Uniswap, one of DeFi’s leading lending protocols, conducted a massive 150 million token Airdrop campaign with 78% sold out and traded rate of all rewarded tokens. The loyalty bonus was Airdropped overnight, while prices for Uniswap subsequently spiked to $8 at the time of distribution.
After the Airdrop distribution, the large quantity of sold and exchanged UNI tokens caused the token price to decrease drastically.
Data from Dune analytics shows that as much as 191,371 users are eligible to receive their UNI tokens rewards. The total number of the traded UNI tokens is over 117.4 million, or 78% of the total reward pool.
The largest amount of UNI tokens, however, was claimed on Thursday, September 17, with trading stats dropping ever since. Despite that, there are nearly 30 million UNI tokes that still remain unclaimed by users.

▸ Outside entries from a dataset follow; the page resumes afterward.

(* Let $G=(V,E)$ be a connected graph with $V=\{1,\ldots,n\}$, $\mathbf{w}\colon E\to\{1,\ldots,N\}$, $w,\ell\in\mathbb{N}$ with $\ell$ even and $\ell\le n$, and let $\mathcal{T}$ be an elimination tree of $G$ with root $r$. Write $P_{(r)}(\emptyset)=\sum_{a,b,c,d}\alpha_{a,b,c,d}\,x^ay^bz^c\omega^d$. Then $|\mathcal{M}_{w,\ell}|=\alpha_{\ell/2,\ell/2,n-\ell,w}$.
   Context: Two matchings $M_1,M_2$ are consistent if $M_1\cap M_2=\emptyset$ and $V(M_1)=V(M_2)$ ($V(M)$ = set of endpoints of edges of $M$). $\mathcal{M}_{w,\ell}$ is the set of ordered pairs $(M_1,M_2)$ of consistent matchings in $G$ with $|M_1|=|M_2|=\ell/2$ and $\mathbf{w}(M_1\cup M_2)=w$, where $\mathbf{w}(F)=\sum_{e\in F}\mathbf{w}(e)$. An elimination tree of $G$ is a rooted tree on vertex set $V$ such that for every edge $\{u,v\}\in E$ one of $u,v$ is an ancestor of the other. $\mathtt{tree}[v]$ is the set of nodes of the subtree rooted at $v$ (including $v$). For $W\subseteq V$ let $W^+=\{u,u+n\mid u\in W\}$; $\delta[U]=\{e\in E\mid e\cap U\ne\emptyset\}$. Define $\mathtt{tpl}(W)=\{(E_1,E_2,L)\mid E_1,E_2\subseteq\delta[W],\ L\subseteq W,\ E_1\cap E_2=\emptyset\}$; $\mathtt{mon}(E_1,E_2,L)=x^{|E_1|}y^{|E_2|}z^{|L|}\omega^{\mathbf{w}(E_1\cup E_2)}$; for $I\subseteq[2n]$, $\mathtt{dsj}(I)$ is the set of triples $(E_1,E_2,L)$ with $\{s,t\}\cap I=\emptyset$ for all $\{s,t\}\in E_1$, $\{s+n,t+n\}\cap I=\emptyset$ for all $\{s,t\}\in E_2$, and $L^+\cap I=\emptyset$. With Iverson bracket $[\cdot]$, for the root $r$ (whose ancestor set excluding itself is empty), $$P_{(r)}(\emptyset)=\sum_{(E_1,E_2,L)\in\mathtt{tpl}(\mathtt{tree}[r])}\mathtt{mon}(E_1,E_2,L)\sum_{K\subseteq(\mathtt{tree}[r])^+}(-1)^{|K|}[(E_1,E_2,L)\in\mathtt{dsj}(K)]\in\mathbb{Z}[x,y,z,\omega].$$ *)

theory Defs
  imports Main
begin

definition simple_graph :: "nat set \<Rightarrow> nat set set \<Rightarrow> bool" where
  "simple_graph V E \<longleftrightarrow> (\<forall>e\<in>E. card e = 2 \<and> e \<subseteq> V)"

inductive reach :: "nat set set \<Rightarrow> nat \<Rightarrow> nat \<Rightarrow> bool" for E where
  reach_refl: "reach E u u"
| reach_step: "reach E u v \<Longrightarrow> {v, x} \<in> E \<Longrightarrow> reach E u x"

definition connected_graph :: "nat set \<Rightarrow> nat set set \<Rightarrow> bool" where
  "connected_graph V E \<longleftrightarrow> (\<forall>u\<in>V. \<forall>v\<in>V. reach E u v)"

definition rooted_tree :: "nat set \<Rightarrow> (nat \<Rightarrow> nat) \<Rightarrow> nat \<Rightarrow> bool" where
  "rooted_tree V par r \<longleftrightarrow> r \<in> V \<and> par r = r \<and> (\<forall>v\<in>V. par v \<in> V)
     \<and> (\<forall>v\<in>V. \<exists>k. (par ^^ k) v = r)"

definition ancestor :: "(nat \<Rightarrow> nat) \<Rightarrow> nat \<Rightarrow> nat \<Rightarrow> bool" where
  "ancestor par u v \<longleftrightarrow> (\<exists>k. (par ^^ k) v = u)"

definition elimination_tree :: "nat set \<Rightarrow> nat set set \<Rightarrow> (nat \<Rightarrow> nat) \<Rightarrow> nat \<Rightarrow> bool" where
  "elimination_tree V E par r \<longleftrightarrow> rooted_tree V par r \<and>
     (\<forall>u v. {u, v} \<in> E \<longrightarrow> ancestor par u v \<or> ancestor par v u)"

definition subtree :: "nat set \<Rightarrow> (nat \<Rightarrow> nat) \<Rightarrow> nat \<Rightarrow> nat set" where
  "subtree V par v = {u \<in> V. ancestor par v u}"

definition matching :: "nat set set \<Rightarrow> nat set set \<Rightarrow> bool" where
  "matching E M \<longleftrightarrow> M \<subseteq> E \<and> (\<forall>e\<in>M. \<forall>f\<in>M. e \<noteq> f \<longrightarrow> e \<inter> f = {})"

definition consistent :: "nat set set \<Rightarrow> nat set set \<Rightarrow> bool" where
  "consistent M1 M2 \<longleftrightarrow> M1 \<inter> M2 = {} \<and> \<Union> M1 = \<Union> M2"

definition wsum :: "(nat set \<Rightarrow> nat) \<Rightarrow> nat set set \<Rightarrow> nat" where
  "wsum wt F = (\<Sum>e\<in>F. wt e)"

definition Mwl :: "nat set set \<Rightarrow> (nat set \<Rightarrow> nat) \<Rightarrow> nat \<Rightarrow> nat \<Rightarrow> (nat set set \<times> nat set set) set" where
  "Mwl E wt w l = {(M1, M2). matching E M1 \<and> matching E M2 \<and> consistent M1 M2
      \<and> card M1 = l div 2 \<and> card M2 = l div 2 \<and> wsum wt (M1 \<union> M2) = w}"

definition plus_set :: "nat \<Rightarrow> nat set \<Rightarrow> nat set" where
  "plus_set n W = W \<union> (\<lambda>u. u + n) ` W"

definition delta :: "nat set set \<Rightarrow> nat set \<Rightarrow> nat set set" where
  "delta E U = {e \<in> E. e \<inter> U \<noteq> {}}"

definition tpl :: "nat set set \<Rightarrow> nat set \<Rightarrow> (nat set set \<times> nat set set \<times> nat set) set" where
  "tpl E W = {(E1, E2, L). E1 \<subseteq> delta E W \<and> E2 \<subseteq> delta E W \<and> L \<subseteq> W \<and> E1 \<inter> E2 = {}}"

definition dsj :: "nat \<Rightarrow> nat set \<Rightarrow> (nat set set \<times> nat set set \<times> nat set) set" where
  "dsj n I = {(E1, E2, L). (\<forall>e\<in>E1. e \<inter> I = {}) \<and> (\<forall>e\<in>E2. (\<lambda>s. s + n) ` e \<inter> I = {})
       \<and> plus_set n L \<inter> I = {}}"

(* P_(r)(emptyset), represented by its coefficient function: the coefficient of
   x^a y^b z^c omega^d. *)
definition P_root_coeff :: "nat \<Rightarrow> nat set \<Rightarrow> nat set set \<Rightarrow> (nat set \<Rightarrow> nat) \<Rightarrow> (nat \<Rightarrow> nat) \<Rightarrow> nat
     \<Rightarrow> nat \<Rightarrow> nat \<Rightarrow> nat \<Rightarrow> nat \<Rightarrow> int" where
  "P_root_coeff n V E wt par r a b c d =
     (\<Sum>(E1, E2, L) \<in> {(E1, E2, L) \<in> tpl E (subtree V par r).
          card E1 = a \<and> card E2 = b \<and> card L = c \<and> wsum wt (E1 \<union> E2) = d}.
        (\<Sum>K \<in> Pow (plus_set n (subtree V par r)).
            (-1) ^ card K * (if (E1, E2, L) \<in> dsj n K then 1 else 0)))"

end

theory Submission
  imports Defs
begin

text \<open>
  For a fixed triple (E1, E2, L) the inner sum over K is an inclusion-exclusion sum: it equals 1
  if the elements of the doubled vertex set touched by the triple (E1 in the first copy, E2 in
  the second, L in both) exhaust both copies, and 0 otherwise. Hence the coefficient counts the
  triples for which both E1 and E2 together with L cover V. When |E1| = |E2| = l/2 and
  |L| = n - l, counting vertices leaves no room for overlaps: the edges of each Ei are pairwise
  disjoint and avoid L, so E1 and E2 are perfect matchings of V - L, i.e. a consistent pair of
  matchings, and L = V - \<Union>E1 is determined by them.
\<close>

lemma sum_Pow_alternating_disjoint:
  assumes "finite A"
  shows "(\<Sum>K\<in>Pow A. (-1::'b::comm_ring_1) ^ card K * (if K \<inter> U = {} then 1 else 0))
       = (if A \<subseteq> U then 1 else 0)"
proof -
  have prod_if: "(\<Prod>x\<in>K. if P x then 1 else 0 :: 'b) = (if \<forall>x\<in>K. P x then 1 else 0)"
    if "finite K" for K and P :: "'a \<Rightarrow> bool"
    using that by (cases "\<forall>x\<in>K. P x") (auto intro!: prod.neutral prod_zero)
  have "(\<Sum>K\<in>Pow A. (-1::'b) ^ card K * (if K \<inter> U = {} then 1 else 0))
      = (\<Sum>K\<in>Pow A. (-1) ^ card K * (\<Prod>x\<in>K. if x \<notin> U then 1 else 0) * (\<Prod>x\<in>A - K. 1))"
    using assms by (intro sum.cong refl) (auto simp: prod_if rev_finite_subset disjoint_iff)
  also have "\<dots> = (\<Prod>x\<in>A. 1 - (if x \<notin> U then 1 else 0))"
    by (rule prod_diff_conv_sum[OF assms, symmetric])
  also have "\<dots> = (\<Prod>x\<in>A. if x \<in> U then 1 else 0)"
    by (intro prod.cong) auto
  also have "\<dots> = (if A \<subseteq> U then 1 else 0)"
    by (simp add: prod_if assms subset_iff)
  finally show ?thesis .
qed

lemma card_Union_eq_sum_card_iff:
  assumes "finite F" and "\<And>A. A \<in> F \<Longrightarrow> finite A"
  shows "card (\<Union>F) = sum card F \<longleftrightarrow> pairwise disjnt F"
proof
  assume card_eq: "card (\<Union>F) = sum card F"
  show "pairwise disjnt F"
  proof (rule pairwiseI, rule ccontr)
    fix e f assume "e \<in> F" "f \<in> F" "e \<noteq> f" "\<not> disjnt e f"
    have "\<Union>F = \<Union>(F - {e}) \<union> (e - f)"
      using \<open>e \<in> F\<close> \<open>f \<in> F\<close> \<open>e \<noteq> f\<close> by blast
    then have "card (\<Union>F) \<le> sum card (F - {e}) + card (e - f)"
      by (metis card_Un_le card_Union_le_sum_card add_right_mono order_trans)
    also have "card (e - f) < card e"
      using \<open>\<not> disjnt e f\<close> \<open>e \<in> F\<close> assms(2) by (intro psubset_card_mono) (auto simp: disjnt_def)
    also have "sum card (F - {e}) + card e = sum card F"
      using \<open>e \<in> F\<close> assms(1) by (simp add: sum.remove)
    finally show False
      using card_eq by simp
  qed
qed (use assms card_Union_disjoint in blast)

lemma matching_iff_pairwise_disjnt: "matching E M \<longleftrightarrow> M \<subseteq> E \<and> pairwise disjnt M"
  unfolding matching_def pairwise_def disjnt_def by blast

lemma card_Union_pairwise_disjnt_pairs:
  assumes "pairwise disjnt M" and "\<forall>e\<in>M. card e = 2"
  shows "card (\<Union>M) = 2 * card M"
proof -
  have "card (\<Union>M) = sum card M"
    using assms by (intro card_Union_disjoint) (auto intro: card_ge_0_finite)
  also have "\<dots> = 2 * card M"
    using assms(2) by simp
  finally show ?thesis .
qed

lemma matching_and_Union_if_cover:
  assumes edges: "\<forall>e\<in>E. card e = 2" and "F \<subseteq> E" and "finite V"
    and "\<Union>F \<subseteq> V" and "L \<subseteq> V" and cover: "V \<subseteq> \<Union>F \<union> L"
    and card_V: "card L + 2 * card F = card V"
  shows "matching E F \<and> \<Union>F = V - L"
proof -
  have "F \<subseteq> Pow V"
    using \<open>\<Union>F \<subseteq> V\<close> by blast
  then have "finite F"
    using \<open>finite V\<close> by (simp add: finite_subset)
  have fin_members: "\<And>A. A \<in> F \<Longrightarrow> finite A"
    using \<open>\<Union>F \<subseteq> V\<close> \<open>finite V\<close> by (auto intro: rev_finite_subset)
  have fin_U: "finite (\<Union>F)" and fin_L: "finite L"
    using \<open>finite V\<close> \<open>\<Union>F \<subseteq> V\<close> \<open>L \<subseteq> V\<close> by (auto intro: rev_finite_subset)
  have sum_F: "sum card F = 2 * card F"
    using edges \<open>F \<subseteq> E\<close> by (simp add: subset_iff)
  have "card V \<le> card (\<Union>F \<union> L)"
    using cover fin_U fin_L by (intro card_mono) auto
  also have "\<dots> + card (\<Union>F \<inter> L) = card (\<Union>F) + card L"
    by (rule card_Un_Int[OF fin_U fin_L, symmetric])
  finally have "card V + card (\<Union>F \<inter> L) \<le> card (\<Union>F) + card L"
    by simp
  moreover have "card (\<Union>F) \<le> sum card F"
    by (rule card_Union_le_sum_card)
  ultimately have "card (\<Union>F) = sum card F" and "card (\<Union>F \<inter> L) = 0"
    using card_V sum_F by linarith+
  then have "pairwise disjnt F" and "\<Union>F \<inter> L = {}"
    using card_Union_eq_sum_card_iff[OF \<open>finite F\<close> fin_members] fin_U by auto
  then show ?thesis
    using \<open>F \<subseteq> E\<close> \<open>\<Union>F \<subseteq> V\<close> cover by (auto simp: matching_iff_pairwise_disjnt)
qed

text \<open>
  The elements of the doubled vertex set that dsj n K forbids K to contain: E1 lives in the
  first copy, E2 in the second (vertex v is v + n there), and L in both.
\<close>
definition footprint :: "nat \<Rightarrow> nat set set \<times> nat set set \<times> nat set \<Rightarrow> nat set" where
  "footprint n = (\<lambda>(E1, E2, L). \<Union>E1 \<union> (\<lambda>s. s + n) ` \<Union>E2 \<union> plus_set n L)"

definition covers_both_copies :: "nat set \<Rightarrow> nat set set \<times> nat set set \<times> nat set \<Rightarrow> bool" where
  "covers_both_copies V = (\<lambda>(E1, E2, L). V \<subseteq> \<Union>E1 \<union> L \<and> V \<subseteq> \<Union>E2 \<union> L)"

lemma dsj_iff_disjoint_footprint: "t \<in> dsj n K \<longleftrightarrow> K \<inter> footprint n t = {}"
  by (cases t) (auto simp: dsj_def footprint_def)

Dune analytics also made a comparison with one of the tech industry’s biggest companies, Apple. According to the on-chain analytics provider, only 17 percent of iOS users installed the new operating system in the same period.
“Beyond the 83,333.33 UNI per pool per day (four pools) for liquidity mining it seems fair to assume that circulating supply is now going to be fairly stable in the next couple of months,” the analytics provider stated.
At the time of writing, at least $1.46 billion were distributed across the four UNI liquidity pools, with ETH/WBTC being the most popular with 30% of the total value.
Meanwhile, the price per UNI token started surging and is currently a little over $5, as the crypto market regained the losses after a week of downwards momentum. The token climbed from a low of $3.70 on September 22, reaching the current level of $5.03 as of press time.
Looking at the total value locked (TVL) levels, Uniswap dropped the leadership to take the second spot on the DeFi ecosystem with a TVL of $1.87 billion, according to data from DeFi Pulse. The leader, Maker, regained a top position with a market share of 18 percent.